(* Let $\mathcal{C}$ be a full SCW code with symbol set $\mathcal{S}=\{\eta_0,\dots,\eta_{L-1}\}$ and weight vector $\bar{\boldsymbol{\omega}}=[\bar\omega_0,\dots,\bar\omega_{L-1}]^{\mathsf T}$, with $K=\sum_{\ell}\bar\omega_\ell$. Fix any observation vector $\mathbf r\in\mathbb Z_{\ge 0}^K$. Then: (i) the set $\mathcal A(\mathbf r,\bar c_{\mathrm s},\bar c_{\mathrm n})=\arg\max_{\mathbf s\in\mathcal C} f_{\mathbf r}(\mathbf r\mid\bar{\mathbf c},\mathbf s)$ of coherent ML solutions is the same set $\mathcal A(\mathbf r)$ for every CSI $\bar{\mathbf c}=(\bar c_{\mathrm s},\bar c_{\mathrm n})\in(0,\infty)^2$, and for every probability density $f_{\bar{\mathbf c}}$ on $(0,\infty)^2$ the set of non-coherent ML solutions $\arg\max_{\mathbf s\in\mathcal C}\int\!\!\int f_{\mathbf r}(\mathbf r\mid\bar{\mathbf c},\mathbf s)f_{\bar{\mathbf c}}(\bar c_{\mathrm s},\bar c_{\mathrm n})\,\mathrm d\bar c_{\mathrm s}\,\mathrm d\bar c_{\mathrm n}$ equals the same set $\mathcal A(\mathbf r)$; in particular the ML solutions require neither instantaneous nor statistical CSI; (ii) for every permutation $\pi$ of $\{1,\dots,K\}$ with $r[\pi(1)]\le r[\pi(2)]\le\dots\le r[\pi(K)]$ (i.e., sorting $\mathbf r$ in ascending order with arbitrary tie-breaking), the sequence $\mathbf s$ defined by $s[\pi(j)]=\eta_\ell$ whenever $\sum_{\ell'<\ell}\bar\omega_{\ell'}<j\le\sum_{\ell'\le\ell}\bar\omega_{\ell'}$ belongs to $\mathcal A(\mathbf r)$; (iii) in particular, for a full binary CW code with $\mathcal S=\{0,1\}$, length $K$ and weight $\omega$, any codeword whose $\omega$ entries equal to $1$ are located at the positions of $\omega$ largest entries of $\mathbf r$ belongs to $\mathcal A(\mathbf r)$.
   Context: Symbol set: $\mathcal S=\{\eta_0,\eta_1,\dots,\eta_{L-1}\}$ with $L\ge 2$, $0=\eta_0<\eta_1<\dots<\eta_{L-1}=1$. A codeword is $\mathbf s=[s[1],\dots,s[K]]^{\mathsf T}\in\mathcal S^K$. Channel model: given CSI $\bar{\mathbf c}=(\bar c_{\mathrm s},\bar c_{\mathrm n})$ with $\bar c_{\mathrm s}>0,\bar c_{\mathrm n}>0$, the observations $r[1],\dots,r[K]$ are independent with $r[k]$ Poisson of mean $s[k]\bar c_{\mathrm s}+\bar c_{\mathrm n}$, so the likelihood is $f_{\mathbf r}(\mathbf r\mid\bar{\mathbf c},\mathbf s)=\prod_{k=1}^K \frac{(\bar c_{\mathrm s}s[k]+\bar c_{\mathrm n})^{r[k]}e^{-\bar c_{\mathrm s}s[k]-\bar c_{\mathrm n}}}{r[k]!}$. An SCW (strongly constant-weight) code with weight vector $\bar{\boldsymbol\omega}\in\mathbb Z_{\ge0}^L$ is a codebook $\mathcal C\subseteq\mathcal S^K$, $K=\sum_\ell\bar\omega_\ell$, in which every codeword has exactly $\bar\omega_\ell$ entries equal to $\eta_\ell$ for each $\ell$; it is full if $\mathcal C$ contains all sequences in $\mathcal S^K$ with this property. A binary CW (constant-weight) code of length $K$ and weight $\omega$ is a codebook $\mathcal C\subseteq\{0,1\}^K$ in which every codeword has exactly $\omega$ ones; it is full if it contains all such sequences. *)

theory Defs
  imports "HOL-Analysis.Analysis"
begin

text \<open>Codewords are functions nat => real; the entries s 1, ..., s K are the
  symbols, entries outside 1..K are fixed to 0 (a normalisation convention).\<close>

definition code_length :: "nat \<Rightarrow> (nat \<Rightarrow> nat) \<Rightarrow> nat" where
  "code_length L w = (\<Sum>l<L. w l)"

definition full_SCW_code :: "(nat \<Rightarrow> real) \<Rightarrow> nat \<Rightarrow> (nat \<Rightarrow> nat) \<Rightarrow> (nat \<Rightarrow> real) set" where
  "full_SCW_code eta L w =
     {s. (\<forall>k. k \<notin> {1..code_length L w} \<longrightarrow> s k = 0)
       \<and> (\<forall>k\<in>{1..code_length L w}. s k \<in> eta ` {..<L})
       \<and> (\<forall>l<L. card {k\<in>{1..code_length L w}. s k = eta l} = w l)}"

#### Task item:
Reproduce every line from the preceding data in which the word "forall" can be found.

#### Your solution:
     {s. (\<forall>k. k \<notin> {1..code_length L w} \<longrightarrow> s k = 0)
       \<and> (\<forall>k\<in>{1..code_length L w}. s k \<in> eta ` {..<L})
       \<and> (\<forall>l<L. card {k\<in>{1..code_length L w}. s k = eta l} = w l)}"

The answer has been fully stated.